I asked that this week when I learned of the death of a patient with hemophilia in a clinical trial for a new factor product. We have good treatment here in the US; we have safe and efficacious products, dedicated HTCs. Why risk your life for a product that may or may not work?
To me, the patient was himself an explorer. Willing to risk all for something greater than himself. A hope of a new treatment, an advancement in science and medicine. We don’t know who this explorer was. Surely someone in our community knows who is it, and eventually it will be revealed, but for now, until an investigation is complete, he will remain known as an Explorer.
Facebook has lit up with comments, some cautious, some not so cautious, about the risk involved in clinical trials. Is it worth it? Did the patient really understand what he was undertaking? Most likely he did. Like Fawcett, explorers research, read, learn and
understand what could happen. They know the risks. But they still seek to make a lasting contribution. I’ve studied for decades the lives of the explorers: what makes a person a Columbus, an Earhart, a Livingstone, a Scott, a Shackleton, a Mawson, a Magellan, a Hillary? True explorers are in a class of their own as they forge a path through life.
George McCoy of North Carolina
While this news is making headlines throughout the country
and world, more quietly, another explorer just died on August 23, after
fighting pancreatic cancer.
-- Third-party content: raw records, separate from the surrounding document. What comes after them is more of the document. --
lemma unitary_one: "unitary_mat n (1\<^sub>m n)"
proof -
  have "adj (1\<^sub>m n) = (1\<^sub>m n :: complex mat)"
    by (rule eq_matI) (auto simp: adj_def)
  then show ?thesis
    by (simp add: unitary_mat_def)
qed

lemma wf_rot_auto: "qauto_wf {0, 1} rot_auto"
  unfolding qauto_wf_def
proof (intro conjI)
  show "unit_vec (qdim rot_auto) (qinit rot_auto)"
    by (simp add: rot_auto_def unit_vec_def braket_sum rot_vec_def sum_2 lessThan_atLeast0)
  show "\<forall>\<sigma>\<in>{0, 1}. unitary_mat (qdim rot_auto) (qtrans rot_auto \<sigma>)"
    by (auto simp: rot_auto_def unitary_rot_mat unitary_one)
  show "is_subspace (qdim rot_auto) (qacc rot_auto)"
    by (auto simp: rot_auto_def is_subspace_def)
qed

definition count_ones :: "(nat \<Rightarrow> nat) \<Rightarrow> nat \<Rightarrow> nat \<Rightarrow> nat" where
  "count_ones w j t = card {r. r < t \<and> w (j + r) = 1}"

lemma count_ones_0 [simp]: "count_ones w j 0 = 0"
  by (simp add: count_ones_def)

lemma count_ones_Suc: "count_ones w j (Suc t) = count_ones w j t + (if w (j + t) = 1 then 1 else 0)"
proof -
  have "{r. r < Suc t \<and> w (j + r) = 1}
      = {r. r < t \<and> w (j + r) = 1} \<union> (if w (j + t) = 1 then {t} else {})"
    by (auto simp: less_Suc_eq)
  then show ?thesis
    by (simp add: count_ones_def)
qed

lemma run_from_rot_auto:
  "run_from rot_auto w j t (c \<cdot>\<^sub>v rot_vec \<phi>) = c \<cdot>\<^sub>v rot_vec (\<phi> + real (count_ones w j t) * rot_angle)"
proof (induction t)
  case (Suc t)
  have "c \<cdot>\<^sub>v rot_vec (\<phi> + real (count_ones w j t) * rot_angle) \<in> carrier_vec 2"
    by simp
  with Suc show ?case
    by (simp add: rot_auto_def count_ones_Suc rot_mat_mult_rot_vec algebra_simps)
qed simp

lemma nd_run_rot_auto: "nd_run rot_auto w k = rot_vec (real (count_ones w 0 k) * rot_angle)"
  using nd_run_add[of rot_auto w 0 k] run_from_rot_auto[of w 0 k 1 0]
  by (simp add: rot_auto_def)

lemma qacc_rot_auto:
  assumes "\<psi> \<in> qacc rot_auto" "unit_vec (qdim rot_auto) \<psi>"
  shows "\<psi> = (\<psi> $ 0) \<cdot>\<^sub>v rot_vec 0" "cmod (\<psi> $ 0) = 1"
proof -
  have \<psi>: "\<psi> \<in> carrier_vec 2" "\<psi> $ 1 = 0"
    using assms by (auto simp: rot_auto_def)
  show "\<psi> = (\<psi> $ 0) \<cdot>\<^sub>v rot_vec 0"
  proof (rule eq_vecI)
    fix i assume "i < dim_vec ((\<psi> $ 0) \<cdot>\<^sub>v rot_vec 0)"
    then have "i = 0 \<or> i = 1"
      by (auto simp: rot_vec_def)
    then show "\<psi> $ i = ((\<psi> $ 0) \<cdot>\<^sub>v rot_vec 0) $ i"
      using \<psi> by (auto simp: rot_vec_def)
  qed (use \<psi> in \<open>simp add: rot_vec_def\<close>)
  have "braket \<psi> \<psi> = 1"
    using assms by (simp add: unit_vec_def)
  then have "cnj (\<psi> $ 0) * \<psi> $ 0 = 1"
    using \<psi> by (simp add: braket_sum sum_2 lessThan_atLeast0)
  then have "(cmod (\<psi> $ 0))\<^sup>2 = 1"
    by (metis complex_norm_square mult.commute of_real_eq_1_iff)
  then show "cmod (\<psi> $ 0) = 1"
    using norm_ge_zero[of "\<psi> $ 0"] by (auto simp: power2_eq_1_iff)
qed
(* Every jewel and every pyramid contains an induced subgraph isomorphic to $C_5$, to the bull, or to an anchor.
   Context: All graphs are finite and simple. The bull is the graph consisting of a triangle with two disjoint pendant edges. An anchor is a six-vertex graph consisting of a 4-vertex induced path $P$, a vertex $c$ adjacent to all vertices of $P$, and a vertex $a$ adjacent to no vertex of $P$ (with $a,c$ either adjacent or not). A path $p_1-\dots-p_k$ is a sequence of distinct vertices with $p_i$ adjacent to $p_j$ iff $|i-j|=1$; its ends are $p_1,p_k$. A pyramid is a graph formed by the union of a triangle $\{b_1,b_2,b_3\}$, a fourth vertex $a$, and three paths $P_1,P_2,P_3$ such that: for $i=1,2,3$, $P_i$ has ends $a$ and $b_i$; for $1\le i<j\le3$, $a$ is the only vertex in both $P_i$ and $P_j$, and $b_ib_j$ is the only edge between $V(P_i)\setminus\{a\}$ and $V(P_j)\setminus\{a\}$; and $a$ is adjacent to at most one of $b_1,b_2,b_3$. A jewel is a graph $H$ with vertex set $\{v_1,\dots,v_5\}\cup F$ such that $H[F]$ is connected, $v_1v_2,v_2v_3,v_3v_4,v_4v_5,v_5v_1$ are edges, $v_1v_3,v_2v_4,v_1v_4$ are non-edges, $v_2,v_3,v_5$ have no neighbours in $F$, and each of $v_1,v_4$ has a neighbour in $F$. *)

theory Defs
  imports Main
begin

text \<open>A finite simple graph: a finite vertex set V with a symmetric, irreflexive
adjacency relation E (only its restriction to V matters).\<close>
definition simple_graph :: "'a set \<Rightarrow> ('a \<Rightarrow> 'a \<Rightarrow> bool) \<Rightarrow> bool" where
  "simple_graph V E \<longleftrightarrow> finite V \<and> (\<forall>x y. E x y \<longrightarrow> E y x) \<and> (\<forall>x. \<not> E x x)"

definition has_induced :: "'a set \<Rightarrow> ('a \<Rightarrow> 'a \<Rightarrow> bool) \<Rightarrow> 'b set \<Rightarrow> ('b \<Rightarrow> 'b \<Rightarrow> bool) \<Rightarrow> bool" where
  "has_induced V E W F \<longleftrightarrow>
     (\<exists>f. inj_on f W \<and> f ` W \<subseteq> V \<and> (\<forall>x\<in>W. \<forall>y\<in>W. E (f x) (f y) \<longleftrightarrow> F x y))"
lemma reduce_step_inv_letter:
  assumes "reduced acc"
  shows "reduce_step (inv_letter a) (reduce_step a acc) = acc"
proof (cases acc)
  case Nil
  then show ?thesis by (simp add: inverse_letters_iff)
next
  case (Cons b rest)
  show ?thesis
  proof (cases "inverse_letters a b")
    case True
    then have "b = inv_letter a" by (simp add: inverse_letters_iff)
    moreover have "rest = c # r \<Longrightarrow> \<not> inverse_letters b c" for c r
      using assms Cons by simp
    ultimately show ?thesis
      using Cons True by (cases rest) (auto simp: inverse_letters_iff)
  next
    case False
    then show ?thesis using Cons by (simp add: inverse_letters_iff)
  qed
qed

lemma reduce_reduced: "reduced w \<Longrightarrow> reduce w = w"
proof (induction w)
  case Nil
  then show ?case by simp
next
  case (Cons a w)
  then have "reduce w = w" using reduced_ConsD by blast
  then show ?case using Cons.prems by (cases w) (auto simp: reduce_Cons)
qed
George McCoy was born in 1947 and had severe
hemophilia A; he contracted HIV and hepatitis C. He earned a master’s degree in
education from the University of NC, and worked for 31 years for NC Department
of Health and Human Services, helping people with disabilities. He helped found
Hemophilia of North Carolina, which is today one of our best run patient
organizations. He never stopped working for the community, from stuffing
envelopes to public speaking.
His amazing claim to fame is that he was the first person dosed with recombinant factor VIII in 1987.
George McCoy and Laurie Kelley 2012
He was an explorer, volunteering for clinical trials with these new, biotech drugs. It was considered risky then; these were genetically created drugs, a new field in medicine. And these drugs revolutionized hemophilia treatment at a time when the community was suffering through the devastation of HIV.
George was a daring explorer and public servant, who dedicated his life to serving those in need. I met him in 2012 at the World Federation of Hemophilia Congress in Paris, where he gave a profound speech about his volunteering for science.
Read “MadMan or Guinea Pig?” About George McCoy
It’s human nature to point fingers when tragedy strikes; we feel someone must be held accountable. An investigation is underway to find the exact cause of the patient who died, but there is speculation and some information; a note on the Facebook page “BioSpace” says, “The patient was suspected of having viral meningitis and died from a thrombotic event.”
Read the official statement from the company here.
And one of our popular advocates in the community on Facebook wrote: “He gave his life so that we may see better treatment… Please think carefully and fully understand the risks entailed when your HTCs ask you to join a study…If you ever find someone pushing you to participate in a drug study, pay attention to their motives… Thank you to whoever it was that lost their life in this drug study.”
Whoever it was, like George McCoy, he was one of our bravest explorers.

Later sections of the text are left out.